Problem to work on:
What follows is a set of records. Repeat every one of them exactly.

Top of Provided material

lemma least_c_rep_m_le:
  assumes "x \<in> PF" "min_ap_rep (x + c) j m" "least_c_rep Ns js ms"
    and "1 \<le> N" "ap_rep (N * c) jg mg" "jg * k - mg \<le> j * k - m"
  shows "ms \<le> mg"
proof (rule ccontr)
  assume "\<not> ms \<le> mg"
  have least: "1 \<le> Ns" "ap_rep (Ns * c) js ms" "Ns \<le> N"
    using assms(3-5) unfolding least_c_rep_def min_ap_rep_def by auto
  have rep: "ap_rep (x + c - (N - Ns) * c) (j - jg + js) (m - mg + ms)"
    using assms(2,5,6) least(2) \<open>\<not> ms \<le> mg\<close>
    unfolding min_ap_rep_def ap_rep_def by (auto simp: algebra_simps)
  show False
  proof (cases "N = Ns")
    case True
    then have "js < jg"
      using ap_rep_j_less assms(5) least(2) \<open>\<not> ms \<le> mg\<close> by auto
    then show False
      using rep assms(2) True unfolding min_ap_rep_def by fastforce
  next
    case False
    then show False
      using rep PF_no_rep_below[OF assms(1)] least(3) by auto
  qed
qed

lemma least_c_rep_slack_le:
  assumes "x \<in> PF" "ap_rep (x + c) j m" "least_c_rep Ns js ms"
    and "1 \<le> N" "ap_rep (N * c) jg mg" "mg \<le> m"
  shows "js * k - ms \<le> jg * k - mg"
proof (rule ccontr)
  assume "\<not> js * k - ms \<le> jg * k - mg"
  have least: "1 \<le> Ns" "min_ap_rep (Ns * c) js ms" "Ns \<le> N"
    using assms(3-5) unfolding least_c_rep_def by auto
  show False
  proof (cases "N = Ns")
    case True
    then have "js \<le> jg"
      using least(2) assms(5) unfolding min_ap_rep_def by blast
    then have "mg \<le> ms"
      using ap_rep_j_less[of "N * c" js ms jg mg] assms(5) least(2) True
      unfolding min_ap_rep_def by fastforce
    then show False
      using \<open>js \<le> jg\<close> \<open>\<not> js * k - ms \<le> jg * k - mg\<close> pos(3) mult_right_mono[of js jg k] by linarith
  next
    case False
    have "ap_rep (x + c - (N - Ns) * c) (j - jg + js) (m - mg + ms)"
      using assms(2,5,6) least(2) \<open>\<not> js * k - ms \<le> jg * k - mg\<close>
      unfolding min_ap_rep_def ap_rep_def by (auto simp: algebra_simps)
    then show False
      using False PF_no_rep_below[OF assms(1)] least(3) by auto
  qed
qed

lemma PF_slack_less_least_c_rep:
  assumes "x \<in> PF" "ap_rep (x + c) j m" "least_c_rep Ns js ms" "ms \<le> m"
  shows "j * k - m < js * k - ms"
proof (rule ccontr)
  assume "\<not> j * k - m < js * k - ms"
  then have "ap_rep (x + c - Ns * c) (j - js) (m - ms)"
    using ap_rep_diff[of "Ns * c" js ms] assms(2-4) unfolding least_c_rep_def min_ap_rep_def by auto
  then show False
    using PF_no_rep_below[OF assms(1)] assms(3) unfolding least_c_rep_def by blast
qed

Bottom of Provided material

Result of the exercise:
lemma least_c_rep_m_le:
  assumes "x \<in> PF" "min_ap_rep (x + c) j m" "least_c_rep Ns js ms"
    and "1 \<le> N" "ap_rep (N * c) jg mg" "jg * k - mg \<le> j * k - m"
  shows "ms \<le> mg"
proof (rule ccontr)
  assume "\<not> ms \<le> mg"
  have least: "1 \<le> Ns" "ap_rep (Ns * c) js ms" "Ns \<le> N"
    using assms(3-5) unfolding least_c_rep_def min_ap_rep_def by auto
  have rep: "ap_rep (x + c - (N - Ns) * c) (j - jg + js) (m - mg + ms)"
    using assms(2,5,6) least(2) \<open>\<not> ms \<le> mg\<close>
    unfolding min_ap_rep_def ap_rep_def by (auto simp: algebra_simps)
  show False
  proof (cases "N = Ns")
    case True
    then have "js < jg"
      using ap_rep_j_less assms(5) least(2) \<open>\<not> ms \<le> mg\<close> by auto
    then show False
      using rep assms(2) True unfolding min_ap_rep_def by fastforce
  next
    case False
    then show False
      using rep PF_no_rep_below[OF assms(1)] least(3) by auto
  qed
qed

lemma least_c_rep_slack_le:
  assumes "x \<in> PF" "ap_rep (x + c) j m" "least_c_rep Ns js ms"
    and "1 \<le> N" "ap_rep (N * c) jg mg" "mg \<le> m"
  shows "js * k - ms \<le> jg * k - mg"
proof (rule ccontr)
  assume "\<not> js * k - ms \<le> jg * k - mg"
  have least: "1 \<le> Ns" "min_ap_rep (Ns * c) js ms" "Ns \<le> N"
    using assms(3-5) unfolding least_c_rep_def by auto
  show False
  proof (cases "N = Ns")
    case True
    then have "js \<le> jg"
      using least(2) assms(5) unfolding min_ap_rep_def by blast
    then have "mg \<le> ms"
      using ap_rep_j_less[of "N * c" js ms jg mg] assms(5) least(2) True
      unfolding min_ap_rep_def by fastforce
    then show False
      using \<open>js \<le> jg\<close> \<open>\<not> js * k - ms \<le> jg * k - mg\<close> pos(3) mult_right_mono[of js jg k] by linarith
  next
    case False
    have "ap_rep (x + c - (N - Ns) * c) (j - jg + js) (m - mg + ms)"
      using assms(2,5,6) least(2) \<open>\<not> js * k - ms \<le> jg * k - mg\<close>
      unfolding min_ap_rep_def ap_rep_def by (auto simp: algebra_simps)
    then show False
      using False PF_no_rep_below[OF assms(1)] least(3) by auto
  qed
qed

lemma PF_slack_less_least_c_rep:
  assumes "x \<in> PF" "ap_rep (x + c) j m" "least_c_rep Ns js ms" "ms \<le> m"
  shows "j * k - m < js * k - ms"
proof (rule ccontr)
  assume "\<not> j * k - m < js * k - ms"
  then have "ap_rep (x + c - Ns * c) (j - js) (m - ms)"
    using ap_rep_diff[of "Ns * c" js ms] assms(2-4) unfolding least_c_rep_def min_ap_rep_def by auto
  then show False
    using PF_no_rep_below[OF assms(1)] assms(3) unfolding least_c_rep_def by blast
qed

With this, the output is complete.